(What is required)
What must be returned is the number of lines in the records holding the word "regular", with no other text.

========

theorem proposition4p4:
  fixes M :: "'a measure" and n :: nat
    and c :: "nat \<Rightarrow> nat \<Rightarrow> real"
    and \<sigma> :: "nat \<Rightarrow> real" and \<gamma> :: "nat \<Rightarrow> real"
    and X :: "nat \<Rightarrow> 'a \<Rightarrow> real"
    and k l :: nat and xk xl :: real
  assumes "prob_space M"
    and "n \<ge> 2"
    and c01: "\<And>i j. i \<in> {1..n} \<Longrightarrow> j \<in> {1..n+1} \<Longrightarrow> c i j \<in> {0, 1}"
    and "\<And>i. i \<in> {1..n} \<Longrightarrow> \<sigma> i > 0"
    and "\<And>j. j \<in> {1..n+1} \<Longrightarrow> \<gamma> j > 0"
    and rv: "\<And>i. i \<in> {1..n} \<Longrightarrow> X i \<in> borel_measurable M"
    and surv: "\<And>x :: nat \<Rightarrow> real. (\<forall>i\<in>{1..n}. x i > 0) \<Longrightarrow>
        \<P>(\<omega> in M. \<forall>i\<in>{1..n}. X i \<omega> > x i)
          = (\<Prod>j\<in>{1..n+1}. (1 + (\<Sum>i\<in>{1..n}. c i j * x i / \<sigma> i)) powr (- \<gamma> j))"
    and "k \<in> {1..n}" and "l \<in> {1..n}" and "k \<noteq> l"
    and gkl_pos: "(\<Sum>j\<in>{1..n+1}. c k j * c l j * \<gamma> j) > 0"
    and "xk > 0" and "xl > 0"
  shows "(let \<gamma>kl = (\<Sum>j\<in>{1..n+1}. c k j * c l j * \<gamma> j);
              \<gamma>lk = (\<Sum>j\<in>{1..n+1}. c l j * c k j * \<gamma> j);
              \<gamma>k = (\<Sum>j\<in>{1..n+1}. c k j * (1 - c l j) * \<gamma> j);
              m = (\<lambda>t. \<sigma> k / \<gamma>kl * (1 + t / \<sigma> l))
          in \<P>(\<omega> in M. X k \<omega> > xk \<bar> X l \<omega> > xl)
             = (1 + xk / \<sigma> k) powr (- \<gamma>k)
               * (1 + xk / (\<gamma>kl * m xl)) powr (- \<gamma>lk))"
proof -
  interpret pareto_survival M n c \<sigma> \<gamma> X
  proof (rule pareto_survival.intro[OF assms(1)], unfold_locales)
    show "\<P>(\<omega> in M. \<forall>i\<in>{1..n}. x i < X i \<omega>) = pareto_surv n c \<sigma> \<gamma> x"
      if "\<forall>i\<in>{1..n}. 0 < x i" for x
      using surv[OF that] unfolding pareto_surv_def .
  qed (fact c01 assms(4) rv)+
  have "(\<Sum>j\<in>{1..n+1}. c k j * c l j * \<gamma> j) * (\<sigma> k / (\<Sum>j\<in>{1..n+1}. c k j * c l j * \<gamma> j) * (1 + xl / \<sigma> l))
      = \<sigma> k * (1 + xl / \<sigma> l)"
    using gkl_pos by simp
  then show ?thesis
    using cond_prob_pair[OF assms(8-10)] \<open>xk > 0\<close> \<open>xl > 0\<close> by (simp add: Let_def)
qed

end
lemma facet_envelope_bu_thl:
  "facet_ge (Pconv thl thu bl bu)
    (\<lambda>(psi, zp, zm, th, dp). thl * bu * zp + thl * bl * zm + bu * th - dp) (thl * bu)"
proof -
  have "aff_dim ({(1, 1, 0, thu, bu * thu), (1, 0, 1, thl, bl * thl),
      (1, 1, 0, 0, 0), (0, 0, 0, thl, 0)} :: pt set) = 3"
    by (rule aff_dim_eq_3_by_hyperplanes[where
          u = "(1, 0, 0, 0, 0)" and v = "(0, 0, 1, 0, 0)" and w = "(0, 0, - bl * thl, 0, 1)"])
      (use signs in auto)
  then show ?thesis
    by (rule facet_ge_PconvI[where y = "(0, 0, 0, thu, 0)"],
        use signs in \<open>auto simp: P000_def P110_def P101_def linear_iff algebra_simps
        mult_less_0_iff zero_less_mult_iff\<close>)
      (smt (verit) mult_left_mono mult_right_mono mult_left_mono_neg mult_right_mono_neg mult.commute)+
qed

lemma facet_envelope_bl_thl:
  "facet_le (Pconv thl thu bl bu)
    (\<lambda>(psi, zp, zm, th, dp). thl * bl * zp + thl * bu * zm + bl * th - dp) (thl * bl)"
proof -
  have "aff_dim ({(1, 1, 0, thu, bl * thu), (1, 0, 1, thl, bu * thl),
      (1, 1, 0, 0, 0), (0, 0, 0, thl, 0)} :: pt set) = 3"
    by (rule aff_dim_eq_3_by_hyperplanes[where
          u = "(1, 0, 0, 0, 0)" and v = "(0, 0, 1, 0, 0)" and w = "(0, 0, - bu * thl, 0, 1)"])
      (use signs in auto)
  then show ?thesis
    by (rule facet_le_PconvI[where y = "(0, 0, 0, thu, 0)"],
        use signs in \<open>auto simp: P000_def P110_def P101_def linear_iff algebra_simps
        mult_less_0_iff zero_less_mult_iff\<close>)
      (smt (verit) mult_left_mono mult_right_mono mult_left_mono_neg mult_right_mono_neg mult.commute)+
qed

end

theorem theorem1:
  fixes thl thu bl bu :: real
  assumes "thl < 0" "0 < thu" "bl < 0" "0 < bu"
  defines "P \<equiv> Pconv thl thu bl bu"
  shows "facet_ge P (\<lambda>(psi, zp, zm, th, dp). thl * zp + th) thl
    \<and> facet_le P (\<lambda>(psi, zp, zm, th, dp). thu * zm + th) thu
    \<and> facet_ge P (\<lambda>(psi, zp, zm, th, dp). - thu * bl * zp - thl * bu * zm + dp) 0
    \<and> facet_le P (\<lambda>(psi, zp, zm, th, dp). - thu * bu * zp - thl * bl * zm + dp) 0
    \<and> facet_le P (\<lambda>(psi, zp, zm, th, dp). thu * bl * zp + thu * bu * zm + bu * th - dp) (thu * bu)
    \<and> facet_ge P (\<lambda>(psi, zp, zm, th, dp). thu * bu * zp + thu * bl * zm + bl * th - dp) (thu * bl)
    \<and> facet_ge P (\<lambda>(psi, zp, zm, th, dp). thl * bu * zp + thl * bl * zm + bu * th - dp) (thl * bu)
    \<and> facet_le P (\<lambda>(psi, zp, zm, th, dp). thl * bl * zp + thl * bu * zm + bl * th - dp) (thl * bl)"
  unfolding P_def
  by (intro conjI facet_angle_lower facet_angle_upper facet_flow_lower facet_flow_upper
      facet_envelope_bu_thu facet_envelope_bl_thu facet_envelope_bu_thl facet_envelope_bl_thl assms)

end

========

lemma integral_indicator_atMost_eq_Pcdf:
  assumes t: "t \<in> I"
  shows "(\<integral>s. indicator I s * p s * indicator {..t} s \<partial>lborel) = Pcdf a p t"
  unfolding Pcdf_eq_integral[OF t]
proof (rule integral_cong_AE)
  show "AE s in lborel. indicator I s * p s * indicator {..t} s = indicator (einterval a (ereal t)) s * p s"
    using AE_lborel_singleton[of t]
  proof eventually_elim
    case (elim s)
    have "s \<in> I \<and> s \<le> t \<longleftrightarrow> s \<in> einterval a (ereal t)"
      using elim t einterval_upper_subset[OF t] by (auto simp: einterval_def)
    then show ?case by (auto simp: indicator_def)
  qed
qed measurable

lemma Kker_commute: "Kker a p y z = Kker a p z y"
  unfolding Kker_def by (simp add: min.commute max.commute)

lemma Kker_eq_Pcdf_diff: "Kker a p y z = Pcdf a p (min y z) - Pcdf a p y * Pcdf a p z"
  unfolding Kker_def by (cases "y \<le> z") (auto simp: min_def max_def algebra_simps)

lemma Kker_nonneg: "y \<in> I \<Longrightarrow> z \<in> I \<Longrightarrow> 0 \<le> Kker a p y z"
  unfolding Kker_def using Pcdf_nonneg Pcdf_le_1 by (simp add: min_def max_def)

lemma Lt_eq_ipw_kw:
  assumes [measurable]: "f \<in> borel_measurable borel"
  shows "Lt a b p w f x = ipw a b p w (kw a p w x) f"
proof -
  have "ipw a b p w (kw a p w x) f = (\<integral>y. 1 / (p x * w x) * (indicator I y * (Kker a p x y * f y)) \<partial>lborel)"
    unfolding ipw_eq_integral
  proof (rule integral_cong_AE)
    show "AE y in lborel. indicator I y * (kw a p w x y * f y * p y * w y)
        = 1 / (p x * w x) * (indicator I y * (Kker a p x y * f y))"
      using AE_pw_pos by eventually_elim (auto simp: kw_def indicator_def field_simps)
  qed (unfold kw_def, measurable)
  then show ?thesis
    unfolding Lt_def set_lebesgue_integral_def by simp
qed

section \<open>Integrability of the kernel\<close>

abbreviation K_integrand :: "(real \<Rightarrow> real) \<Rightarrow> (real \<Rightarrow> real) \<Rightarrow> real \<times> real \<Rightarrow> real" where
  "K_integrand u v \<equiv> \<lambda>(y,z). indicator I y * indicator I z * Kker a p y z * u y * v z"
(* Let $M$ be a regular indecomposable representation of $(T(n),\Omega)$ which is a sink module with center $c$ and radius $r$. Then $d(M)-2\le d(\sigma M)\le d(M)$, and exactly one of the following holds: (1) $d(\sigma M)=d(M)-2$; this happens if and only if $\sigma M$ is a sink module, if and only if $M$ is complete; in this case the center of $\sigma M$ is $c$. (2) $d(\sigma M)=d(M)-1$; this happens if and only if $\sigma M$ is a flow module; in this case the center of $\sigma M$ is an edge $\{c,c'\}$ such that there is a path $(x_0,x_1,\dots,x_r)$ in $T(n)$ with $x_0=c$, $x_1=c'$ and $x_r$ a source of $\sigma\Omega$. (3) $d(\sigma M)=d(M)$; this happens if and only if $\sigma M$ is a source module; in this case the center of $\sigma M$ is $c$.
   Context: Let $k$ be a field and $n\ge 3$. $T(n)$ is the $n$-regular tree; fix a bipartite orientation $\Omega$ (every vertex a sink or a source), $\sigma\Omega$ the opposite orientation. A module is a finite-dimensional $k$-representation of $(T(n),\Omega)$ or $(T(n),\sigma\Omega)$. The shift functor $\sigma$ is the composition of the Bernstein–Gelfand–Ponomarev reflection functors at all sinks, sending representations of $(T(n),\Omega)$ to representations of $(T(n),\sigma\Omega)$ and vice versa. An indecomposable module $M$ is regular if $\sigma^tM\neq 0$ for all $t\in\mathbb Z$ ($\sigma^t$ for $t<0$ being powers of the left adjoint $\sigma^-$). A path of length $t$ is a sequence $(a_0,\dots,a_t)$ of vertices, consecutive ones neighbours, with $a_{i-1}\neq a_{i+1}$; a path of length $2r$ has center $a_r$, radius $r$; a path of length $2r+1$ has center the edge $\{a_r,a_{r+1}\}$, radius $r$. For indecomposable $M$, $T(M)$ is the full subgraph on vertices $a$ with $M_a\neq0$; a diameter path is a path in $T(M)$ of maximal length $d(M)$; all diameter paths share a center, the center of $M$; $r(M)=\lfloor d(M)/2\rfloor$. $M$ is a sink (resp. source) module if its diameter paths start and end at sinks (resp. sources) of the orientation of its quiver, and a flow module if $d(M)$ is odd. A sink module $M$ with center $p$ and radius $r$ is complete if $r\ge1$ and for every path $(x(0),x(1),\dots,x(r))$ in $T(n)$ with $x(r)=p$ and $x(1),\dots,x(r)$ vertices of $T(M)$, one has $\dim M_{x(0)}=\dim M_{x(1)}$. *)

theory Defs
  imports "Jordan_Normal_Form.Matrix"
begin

========

(Solution for this task)
2